Ensworth head coach Mary Taylor Cowles works with her players during a practice at Ensworth High School in Nashville, Tenn., Monday, Jan. 29, 2024.
Ensworth head coach Mary Taylor Cowles works with her players during a practice at Ensworth High School in Nashville, Tenn., Monday, Jan. 29, 2024.

Cowles played at Marshall County High School from 1983-87, scoring over 1,900 points and leading the school to four straight state tournament appearances. The program captured the 1984 state championship with a 34-0 record and the three-time all state selection was inducted into the state's high school basketball hall of fame in 2017.

She starred at WKU from 1987-91. The Lady Toppers advanced to the NCAA Tournament Sweet 16 her senior season and she joined WKU's coaching staff in 1995 under Paul Sanderford and took over the program in 2002. She was involved in 10 of WKU's 20 NCAA Tournament appearances as a player or coach.

"Mary is very in touch with her physical fitness and her physical self," Gil Cowles said. "She knows her body better than anyone but when that diagnosis hit, it hit hard."

Love of coaching brought Cowles back to the sideline

Ensworth head coach Mary Taylor Cowles works with her players during a practice at Ensworth High School in Nashville, Tenn., Monday, Jan. 29, 2024.
Ensworth head coach Mary Taylor Cowles works with her players during a practice at Ensworth High School in Nashville, Tenn., Monday, Jan. 29, 2024.

Western Kentucky decided not to bring her back following the 2011-12 season and Cowles was miserable working in the pharmaceutical business during her time away from coaching. She found solace in the 300-arce cattle farm she owns with Gil outside of Bowling Green. She eagerly returned to coaching in 2015 when Ensworth called.

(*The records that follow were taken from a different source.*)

lemma D1_prod_acoef_ratio_Ints:
  assumes "\<forall>j\<le>m. \<alpha> j > 0" "\<forall>j\<in>{1..m}. n j \<le> n 0"
  shows "of_nat (denr (\<alpha> 0) ^ NN m n * (\<Prod>j=1..m. D1_factor \<alpha> n j))
           * (\<Prod>j=1..m. acoef_ratio \<alpha> n i j l) \<in> \<int>"
proof -
  have "denr (\<alpha> 0) ^ NN m n = (\<Prod>j=1..m. denr (\<alpha> 0) ^ n j)"
    by (simp add: NN_def power_sum)
  hence "of_nat (denr (\<alpha> 0) ^ NN m n * (\<Prod>j=1..m. D1_factor \<alpha> n j))
           * (\<Prod>j=1..m. acoef_ratio \<alpha> n i j l)
      = (\<Prod>j=1..m. of_nat (denr (\<alpha> 0) ^ n j * D1_factor \<alpha> n j) * acoef_ratio \<alpha> n i j l)"
    by (simp add: prod.distrib)
  also have "\<dots> \<in> \<int>"
    using assms by (intro Ints_prod D1_factor_acoef_ratio_Ints) auto
  finally show ?thesis .
qed

lemma poch_fact_denom_pochhammer_pair_Ints:
  fixes a1 a2 :: int
  assumes "s > 0" "b1 + b2 \<le> M"
  shows "of_nat (poch_fact_denom s M) * (pochhammer (of_int a1 / of_nat s :: rat) b1 / fact b1
           * (pochhammer (of_int a2 / of_nat s) b2 / fact b2)) \<in> \<int>"
proof (rule Ints_of_nat_mult_dvd[OF poch_fact_denom_mult_dvd[OF assms(2)]])
  show "of_nat (poch_fact_denom s b1 * poch_fact_denom s b2)
      * (pochhammer (of_int a1 / of_nat s :: rat) b1 / fact b1
         * (pochhammer (of_int a2 / of_nat s) b2 / fact b2)) \<in> \<int>"
    using Ints_mult[OF poch_fact_denom_pochhammer_Ints[OF assms(1), of b1 a1]
        poch_fact_denom_pochhammer_Ints[OF assms(1), of b2 a2]]
    by (simp add: mult_ac)
qed

lemma NN_pos:
  assumes "m \<ge> 1" "\<forall>j\<in>{1..m}. n j > 0"
  shows "NN m n > 0"
proof -
  have "0 < n 1" "n 1 \<le> NN m n"
    using assms by (auto simp: NN_def intro: member_le_sum)
  thus ?thesis by linarith
qed

lemma D1_eq:
  assumes "NN m n > 0"
  shows "D1 m \<alpha> n = poch_fact_denom (denr (\<alpha> 0)) (NN m n - 1)
           * (denr (\<alpha> 0) ^ NN m n * (\<Prod>j=1..m. D1_factor \<alpha> n j))"
proof -
  have "denr (\<alpha> 0) ^ (2 * NN m n - 1) = denr (\<alpha> 0) ^ (NN m n - 1) * denr (\<alpha> 0) ^ NN m n"
  proof -
    have "2 * NN m n - 1 = (NN m n - 1) + NN m n" using assms by simp
    thus ?thesis by (simp only: power_add)
  qed
  thus ?thesis
    by (simp add: D1_def D1_factor_def poch_fact_denom_def Let_def mult_ac)
qed

lemma acoef_eq_sum:
  assumes "k < NN m n"
  shows "acoef m \<alpha> n i k = (\<Sum>l = NN m n - k - 1..NN m n - 1. (-1) ^ (l + 1)
      * (pochhammer (\<alpha> 0 - 1) (l - (NN m n - k - 1)) / fact (l - (NN m n - k - 1))
         * (pochhammer (\<alpha> 0 + of_nat l + 1) (NN m n - l - 1) / fact (NN m n - l - 1)))
      * (\<Prod>j=1..m. acoef_ratio \<alpha> n i j l))"
  using assms by (simp add: acoef_def acoef_ratio_def Let_def mult.assoc)

lemma D1_acoef_Ints:
  assumes "m \<ge> 1" "\<forall>j\<le>m. \<alpha> j > 0"
    and "\<forall>j\<in>{1..m}. n j > 0" "\<forall>j\<in>{1..m}. n j \<le> n 0" "k \<le> NN m n"
  shows "of_nat (D1 m \<alpha> n) * acoef m \<alpha> n i k \<in> \<int>"
proof (cases "k = NN m n")
  case True
  thus ?thesis by (simp add: acoef_def)
next
  case False
  define N s0 r0 where "N = NN m n" and "s0 = denr (\<alpha> 0)" and "r0 = numr (\<alpha> 0)"
  have "N > 0" using NN_pos[OF assms(1,3)] by (simp add: N_def)
  have "\<alpha> 0 > 0" using assms(2) by simp
  note r0s0 = numr_denr[OF this, folded r0_def s0_def]
  have "of_nat (D1 m \<alpha> n) * ((-1) ^ (l + 1)
      * (pochhammer (\<alpha> 0 - 1) b1 / fact b1 * (pochhammer (\<alpha> 0 + of_nat l + 1) b2 / fact b2))
      * (\<Prod>j=1..m. acoef_ratio \<alpha> n i j l)) \<in> \<int>" if "b1 + b2 \<le> N - 1" for l b1 b2
  proof -
    have args: "\<alpha> 0 - 1 = of_int (int r0 - int s0) / of_nat s0"
      "\<alpha> 0 + of_nat l + 1 = of_int (int (r0 + (l + 1) * s0)) / of_nat s0"
      using r0s0(1,3) by (simp_all add: field_simps)
    have c1: "of_nat (poch_fact_denom s0 (N - 1))
        * (pochhammer (\<alpha> 0 - 1) b1 / fact b1
           * (pochhammer (\<alpha> 0 + of_nat l + 1) b2 / fact b2)) \<in> \<int>"
      unfolding args by (rule poch_fact_denom_pochhammer_pair_Ints[OF r0s0(3) that])
    have c2: "of_nat (s0 ^ N * (\<Prod>j=1..m. D1_factor \<alpha> n j))
        * (\<Prod>j=1..m. acoef_ratio \<alpha> n i j l) \<in> \<int>"
      using D1_prod_acoef_ratio_Ints[OF assms(2,4)] by (simp add: N_def s0_def)
    have "(-1) ^ (l + 1) * ((of_nat (poch_fact_denom s0 (N - 1))
        * (pochhammer (\<alpha> 0 - 1) b1 / fact b1 * (pochhammer (\<alpha> 0 + of_nat l + 1) b2 / fact b2)))
        * (of_nat (s0 ^ N * (\<Prod>j=1..m. D1_factor \<alpha> n j))
           * (\<Prod>j=1..m. acoef_ratio \<alpha> n i j l))) \<in> \<int>"
      by (rule Ints_mult[OF Ints_power[OF Ints_minus[OF Ints_1]] Ints_mult[OF c1 c2]])
    thus ?thesis
      using D1_eq[of m n \<alpha>] \<open>N > 0\<close> by (simp add: N_def s0_def mult_ac)
  qed
  moreover have "(l - (N - k - 1)) + (N - l - 1) \<le> N - 1" if "l \<le> N - 1" for l
    using that by linarith
  ultimately show ?thesis
    using False assms(5)
    by (auto simp: acoef_eq_sum sum_distrib_left N_def intro!: Ints_sum)
qed

lemma Lcm_denr_neq_0:
  fixes \<alpha> :: "nat \<Rightarrow> rat" and m :: nat
  assumes "\<forall>j\<le>m. \<alpha> j > 0"
  shows "Lcm ((\<lambda>j. denr (\<alpha> j)) ` {1..m}) \<noteq> 0"
proof -
  have "denr (\<alpha> j) \<noteq> 0" if "j \<in> {1..m}" for j
    using assms numr_denr(3)[of "\<alpha> j"] that by simp
  hence "0 \<notin> (\<lambda>j. denr (\<alpha> j)) ` {1..m}" by (metis imageE)
  thus ?thesis by simp
qed

lemma D2_pochhammer_ratio_Ints:
  assumes "\<forall>j\<le>m. \<alpha> j > 0" "j \<in> {1..m}" "L \<le> Ntil m n"
  shows "of_nat (D2 m \<alpha> n) * (pochhammer (\<alpha> j) L / pochhammer (\<alpha> j + \<alpha> 0) L) \<in> \<int>"
proof -
  define Nt S d U V where "Nt = Ntil m n" and "S = Lcm ((\<lambda>j. denr (\<alpha> j)) ` {1..m})"
    and "d = Lcm ((\<lambda>j. dj \<alpha> j) ` {1..m})"
    and "U = Max ((\<lambda>j. numr (\<alpha> j + \<alpha> 0)) ` {1..m})"
    and "V = Max ((\<lambda>j. denr (\<alpha> j + \<alpha> 0)) ` {1..m})"
  define c F where "c = d div gcd d (denr (\<alpha> 0))"
    and "F = (\<Prod>p\<in>prime_factors S. p ^ nu p Nt)
             * (\<Prod>p\<in>{p. prime p \<and> p \<le> U + V * Nt}. p ^ Mp p (U + V * Nt))"
  define r s u v where "r = numr (\<alpha> j)" and "s = denr (\<alpha> j)"
    and "u = numr (\<alpha> j + \<alpha> 0)" and "v = denr (\<alpha> j + \<alpha> 0)"
  have "\<alpha> 0 > 0" "\<alpha> j > 0" using assms(1,2) by auto
  hence "\<alpha> j + \<alpha> 0 > 0" by simp
  note rs = numr_denr[OF \<open>\<alpha> j > 0\<close>, folded r_def s_def]
    and uv = numr_denr[OF \<open>\<alpha> j + \<alpha> 0 > 0\<close>, folded u_def v_def]
  have "S \<noteq> 0" using Lcm_denr_neq_0[OF assms(1)] by (simp add: S_def)
  have "u \<le> U" "v \<le> V" using assms(2) by (auto simp: U_def V_def u_def v_def intro!: Max_ge)
  have terms: "0 < int u + int t * int v \<and> int u + int t * int v \<le> int (U + V * Nt)" if "t < L" for t
  proof -
    have "t * v \<le> Nt * V" using that assms(3) \<open>v \<le> V\<close> by (intro mult_mono) (simp_all add: Nt_def)
    hence "u + t * v \<le> U + V * Nt" using \<open>u \<le> U\<close> by (simp add: mult.commute)
    thus ?thesis using uv(2)
      by (simp only: of_nat_mult[symmetric] of_nat_add[symmetric] of_nat_le_iff of_nat_0_less_iff) simp
  qed
  have "s dvd S" "dj \<alpha> j dvd d"
    using assms(2) unfolding S_def d_def s_def by (auto intro: dvd_Lcm)
  have "s dvd c * v"
    using dvd_div_gcd_mult[OF denr_mult_denr_eq_dj[OF \<open>\<alpha> 0 > 0\<close> \<open>\<alpha> j > 0\<close>] \<open>dj \<alpha> j dvd d\<close>]
      numr_denr(3)[OF \<open>\<alpha> 0 > 0\<close>] by (simp add: c_def s_def v_def)
  have "coprime (int u) (int v)" using uv(4) by (simp only: coprime_int_iff)
  from pochhammer_ratio_Ints[where Q = "\<lambda>_. True" and L = L and K = Nt and b = "int r",
      OF this terms \<open>s dvd S\<close> _ _ _ uv(3) rs(3) \<open>s dvd c * v\<close>]
  have "of_nat (c ^ L * F) * (pochhammer (of_int (int r) / of_nat s :: rat) L
      / pochhammer (of_int (int u) / of_nat v) L) \<in> \<int>"
    using \<open>S \<noteq> 0\<close> assms(3) unfolding F_def Nt_def by (simp add: mult.assoc)
  moreover have "of_int (int r) / of_nat s = \<alpha> j" "of_int (int u) / of_nat v = \<alpha> j + \<alpha> 0"
    using rs(1) uv(1) by simp_all
  moreover have "c ^ L * F dvd c ^ Nt * F"
    using assms(3) by (intro mult_dvd_mono le_imp_power_dvd) (simp_all add: Nt_def)
  ultimately have "of_nat (c ^ Nt * F) * (pochhammer (\<alpha> j) L / pochhammer (\<alpha> j + \<alpha> 0) L) \<in> \<int>"
    by (metis Ints_of_nat_mult_dvd)
  thus ?thesis
    by (simp add: D2_def Let_def Nt_def S_def d_def U_def V_def c_def F_def mult.assoc)
qed

theorem lemma4:
  fixes m :: nat and \<alpha> :: "nat \<Rightarrow> rat" and n :: "nat \<Rightarrow> nat"
  assumes "m \<ge> 1"
    and "\<forall>j\<le>m. \<alpha> j > 0"
    and "\<forall>i j. 1 \<le> i \<and> i < j \<and> j \<le> m \<longrightarrow> \<alpha> i - \<alpha> j \<notin> \<int>"
    and "\<forall>j\<in>{1..m}. n j > 0"
    and "\<forall>j\<in>{1..m}. n j \<le> n 0"
  shows "(\<forall>i\<le>m. \<forall>k\<le>NN m n. of_nat (DD m \<alpha> n) * acoef m \<alpha> n i k \<in> \<int>)
       \<and> (\<forall>i\<le>m. \<forall>j\<in>{1..m}. \<forall>\<mu>\<le>Ntil m n - n j + (if i = j then 1 else 0).
            of_nat (DD m \<alpha> n) * ccoef m \<alpha> n i j \<mu> \<in> \<int>)"
proof (intro conjI allI impI ballI)
  have D1_acoef: "of_nat (D1 m \<alpha> n) * acoef m \<alpha> n i k \<in> \<int>" if "k \<le> NN m n" for i k
    using D1_acoef_Ints[OF assms(1,2,4,5) that] .
  fix i
  show "of_nat (DD m \<alpha> n) * acoef m \<alpha> n i k \<in> \<int>" if "k \<le> NN m n" for k
    using Ints_mult[OF Ints_of_nat[of "D2 m \<alpha> n"] D1_acoef[OF that, of i]]
    by (simp add: DD_def mult_ac)
  fix j \<mu> assume j: "j \<in> {1..m}" and \<mu>: "\<mu> \<le> Ntil m n - n j + (if i = j then 1 else 0)"
  have "n j \<le> NN m n" unfolding NN_def using j by (intro member_le_sum) auto
  hence "0 < n j" "n j \<le> Ntil m n" using j assms(4) by (auto simp: Ntil_def)
  hence "\<mu> \<le> Ntil m n" using \<mu> by (auto split: if_splits)
  hence D2_ratio: "of_nat (D2 m \<alpha> n)
      * (pochhammer (\<alpha> j) (\<mu> - k) / pochhammer (\<alpha> j + \<alpha> 0) (\<mu> - k)) \<in> \<int>" for k
    by (intro D2_pochhammer_ratio_Ints[OF assms(2) j]) simp
  have "(\<Sum>k=0..min (NN m n) \<mu>. (of_nat (D1 m \<alpha> n) * acoef m \<alpha> n i k)
      * (of_nat (D2 m \<alpha> n) * (pochhammer (\<alpha> j) (\<mu> - k) / pochhammer (\<alpha> j + \<alpha> 0) (\<mu> - k)))) \<in> \<int>"
    using D1_acoef D2_ratio by (intro Ints_sum Ints_mult[OF D1_acoef D2_ratio]) simp
  thus "of_nat (DD m \<alpha> n) * ccoef m \<alpha> n i j \<mu> \<in> \<int>"
    by (simp add: ccoef_def DD_def sum_distrib_left mult_ac)
qed

end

In two years, Cowles captured a TSSAA Division II-AA state title followed by crowns in 2019 and 2020, just before the COVID pandemic shut down the Division I boys and girls tournaments. The Lady Tigers captured another in 2022 and finished state runner-up in 2023. She's won four of the program's seven state titles.

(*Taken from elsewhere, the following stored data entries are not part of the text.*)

lemma field_square_if_power_half_card:
  fixes z :: "'a::field"
  assumes odd: "odd CARD('a)" and z: "z ^ ((CARD('a) - 1) div 2) = 1"
  shows "\<exists>t. t ^ 2 = z"
proof -
  define h where "h = (CARD('a) - 1) div 2"
  have fin: "finite (UNIV :: 'a set)" using odd card.infinite by fastforce
  have "card {0 :: 'a, 1} \<le> CARD('a)" by (rule card_mono[OF fin]) simp
  then have "CARD('a) \<ge> 3" using odd by (auto elim!: oddE)
  then have card_h: "CARD('a) - 1 = 2 * h" "h \<ge> 1" using odd unfolding h_def by (auto elim!: oddE)
  define Sq where "Sq = (\<lambda>t::'a. t ^ 2) ` (UNIV - {0})"
  define R where "R = {z::'a. z ^ h = 1}"
  have "Sq \<subseteq> R"
    using field_power_card_minus_one[OF fin] card_h
    by (auto simp: Sq_def R_def power_mult[symmetric])
  have "UNIV - {0} \<subseteq> (\<Union>s\<in>Sq. {t::'a. t ^ 2 = s})"
    by (auto simp: Sq_def)
  then have "CARD('a) - 1 \<le> card (\<Union>s\<in>Sq. {t::'a. t ^ 2 = s})"
    using card_mono[OF finite_subset[OF subset_UNIV fin]] fin by (metis card_Diff_singleton UNIV_I)
  also have "\<dots> \<le> (\<Sum>s\<in>Sq. card {t::'a. t ^ 2 = s})"
    using fin by (intro card_UN_le) (simp add: Sq_def)
  also have "\<dots> \<le> (\<Sum>s\<in>Sq. 2)"
    by (rule sum_mono) (simp add: card_roots_power_le)
  also have "\<dots> = 2 * card Sq" by simp
  finally have "h \<le> card Sq" using card_h by linarith
  moreover have "card R \<le> h"
    unfolding R_def by (rule card_roots_power_le) (use card_h in simp)
  ultimately have "card R \<le> card Sq" by linarith
  then have "Sq = R" using \<open>Sq \<subseteq> R\<close> finite_subset[OF subset_UNIV fin] by (intro card_seteq) auto
  moreover have "z \<in> R" using z unfolding R_def h_def by simp
  ultimately show ?thesis unfolding Sq_def by auto
qed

It wasn't until last year that Cowles decided to open up about MS.

"There’s a feeling of not wanting people to look at me differently," she said. "But five years down the road, I walk different. I’m just different because of its physical effects. So it’s like, 'You know what, the world knows. The world can look at me and tell that something’s different. Why not tell the world?'"

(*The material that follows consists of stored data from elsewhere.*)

lemma conj_tuple_partial_transposes_if_magnus_trace_eq:
  assumes A: "A \<in> tuples n" and n: "2 \<le> n"
    and irreducible: "trace (commutator (A!0) (A!1)) \<noteq> 2"
    and symmetric: "transpose (A!0) = A!0" "transpose (A!1) = A!1"
    and X: "X \<in> tuples n" and XA: "magnus_trace X = magnus_trace A"
  shows "\<exists>h\<in>SL2. conj_tuple h X \<in> partial_transposes n A"
proof -
  have len: "length A = n" "length X = n" using A X by (simp_all add: tuples_def)
  have A01: "A!0 \<in> SL2" "A!1 \<in> SL2" and X01: "X!0 \<in> SL2" "X!1 \<in> SL2"
    using A X n by (simp_all add: tuples_nth)
  have traces: "trace (X!0) = trace (A!0)" "trace (X!1) = trace (A!1)"
    "trace (X!0 ** X!1) = trace (A!0 ** A!1)"
    using XA len by (simp_all add: magnus_trace_eq_iff)
  then have "trace (commutator (X!0) (X!1)) \<noteq> 2"
    using irreducible A01 X01 by (simp add: trace_commutator_SL2)
  then obtain h where h: "h \<in> SL2" "conj h (X!0) = A!0" "conj h (X!1) = A!1"
    using ex_SL2_conj_pair_eq_traces[OF X01 A01 traces] by blast
  define C where "C = conj_tuple h X"
  have C: "C \<in> tuples n" using conj_tuple_tuples[OF h(1) X] by (simp add: C_def)
  have C01: "C!0 = A!0" "C!1 = A!1" using h n len by (simp_all add: C_def conj_tuple_def)
  have "magnus_trace C = magnus_trace A"
    using magnus_trace_conj_tuple[OF SL2_invertible[OF h(1)]] XA n len by (simp add: C_def)
  then have triples: "trace_triple (A!0) (A!1) (C!k) = trace_triple (A!0) (A!1) (A!k)"
    if "k \<in> {2..<n}" for k
    using that C C01 len by (simp add: magnus_trace_eq_iff tuples_def)
  have "det (A!0 ** A!1 - A!1 ** A!0) \<noteq> 0"
    using irreducible A01 by (simp add: det_Lie_bracket_SL2)
  then have "C!k = A!k \<or> C!k = transpose (A!k)" if "k \<in> {2..<n}" for k
    using trace_triple_inj_symmetric[OF symmetric] triples[OF that] that
      tuples_nth[OF C] tuples_nth[OF A] by simp
  then have "C \<in> partial_transposes n A"
    using C C01 by (simp add: partial_transposes_def tuples_def)
  with h(1) show ?thesis by (auto simp: C_def)
qed

lemma magnus_trace_fibre:
  assumes A: "A \<in> tuples n" and n: "2 \<le> n"
    and irreducible: "trace (commutator (A!0) (A!1)) \<noteq> 2"
    and symmetric: "transpose (A!0) = A!0" "transpose (A!1) = A!1"
  shows "{X \<in> tuples n. magnus_trace X = magnus_trace A} =
    {conj_tuple h C | h C. h \<in> SL2 \<and> C \<in> partial_transposes n A}"
proof (intro equalityI subsetI)
  fix X assume "X \<in> {X \<in> tuples n. magnus_trace X = magnus_trace A}"
  then obtain h where h: "h \<in> SL2" and C: "conj_tuple h X \<in> partial_transposes n A"
    using conj_tuple_partial_transposes_if_magnus_trace_eq[OF assms] by blast
  have "X = conj_tuple (matrix_inv h) (conj_tuple h X)"
    by (simp add: conj_tuple_def comp_def conj_matrix_inv_conj[OF SL2_invertible[OF h]])
  with h C show "X \<in> {conj_tuple h C | h C. h \<in> SL2 \<and> C \<in> partial_transposes n A}"
    using matrix_inv_SL2 by blast
next
  fix X assume "X \<in> {conj_tuple h C | h C. h \<in> SL2 \<and> C \<in> partial_transposes n A}"
  then obtain h C where X: "X = conj_tuple h C" and h: "h \<in> SL2" and C: "C \<in> partial_transposes n A"
    by blast
  have "length A = n" using A by (simp add: tuples_def)
  moreover have "2 \<le> length C" using C n by (simp add: partial_transposes_def)
  ultimately have "magnus_trace X = magnus_trace A"
    using magnus_trace_conj_tuple[OF SL2_invertible[OF h]] magnus_trace_partial_transposes[OF symmetric _ C]
    by (simp add: X)
  moreover have "X \<in> tuples n"
    using conj_tuple_tuples[OF h partial_transposes_tuples[OF A C]] by (simp add: X)
  ultimately show "X \<in> {X \<in> tuples n. magnus_trace X = magnus_trace A}" by simp
qed

theorem theorem1p3:
  fixes B1 B2 :: mat2
  assumes "B1 \<in> SL2" and "B2 \<in> SL2"
    and "trace (commutator B1 B2) \<noteq> 2"
  shows "(\<exists>g\<in>SL2. transpose (conj g B1) = conj g B1 \<and> transpose (conj g B2) = conj g B2)
    \<and> (\<forall>g\<in>SL2. transpose (conj g B1) = conj g B1 \<and> transpose (conj g B2) = conj g B2 \<longrightarrow>
         (let A1 = conj g B1; A2 = conj g B2;
              r = [trace A1, trace A2, trace (A1 ** A2)]
          in \<forall>n\<ge>3. \<forall>s::complex list. length s = 3 * n - 6 \<longrightarrow>
               (\<exists>As. length As = n - 2 \<and> set As \<subseteq> SL2 \<and>
                     magnus_trace ([A1, A2] @ As) = r @ s)
             \<and> (\<forall>A\<in>tuples n.
                   magnus_trace A = r @ s \<and> trace (commutator (A!0) (A!1)) \<noteq> 2
                   \<and> transpose (A!0) = A!0 \<and> transpose (A!1) = A!1 \<longrightarrow>
                   (let S = {C. length C = n \<and> C!0 = A!0 \<and> C!1 = A!1 \<and>
                               (\<forall>j\<in>{2..<n}. C!j = A!j \<or> C!j = transpose (A!j))}
                    in finite S \<and>
                       {X\<in>tuples n. magnus_trace X = r @ s} =
                       {conj_tuple h C | h C. h \<in> SL2 \<and> C \<in> S}))))"
proof (unfold Let_def, intro conjI ballI impI allI, goal_cases)
  case 1
  show ?case using ex_SL2_conj_symmetric assms by (simp add: det_Lie_bracket_SL2)
next
  case (2 g n s)
  then have "det (conj g B1 ** conj g B2 - conj g B2 ** conj g B1) \<noteq> 0"
    using assms by (simp add: det_Lie_bracket_SL2 conj_SL2 trace_commutator_conj)
  moreover have "length s = 3 * (n - 2)" using 2 by simp
  ultimately show ?case using magnus_trace_surj_symmetric 2 by blast
next
  case 3
  show ?case using finite_partial_transposes unfolding partial_transposes_def .
next
  case (4 g n s A)
  then show ?case using magnus_trace_fibre[of A n] by (simp add: partial_transposes_def)
qed

end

A daily routine to conserve energy

Ensworth head coach Mary Taylor Cowles works with her team during the third quarter against Brentwood Academy at Ensworth High School in Nashville, Tenn., Thursday, Jan. 25, 2024.
Ensworth head coach Mary Taylor Cowles works with her team during the third quarter against Brentwood Academy at Ensworth High School in Nashville, Tenn., Thursday, Jan. 25, 2024.

Cowles paces herself. As the assistant athletics director at Ensworth, she spends much of the morning and afternoon sitting. It conserves energy in her legs for practices and game nights.

While her legs won't allow her the range of motion she was once accustomed to, her voice is still strong. During practice she stands far off the court to avoid potential collisions with her players but operates practice without a hitch.

"There's a little reinventing of myself," said Cowles, who plans to participate in Nashville's Walk MS in April. "I'm still the same person, the same coach. I may not move quite like I used to, but MS isn't who I am. It's just what I have. Standing or sitting, It's still Mary."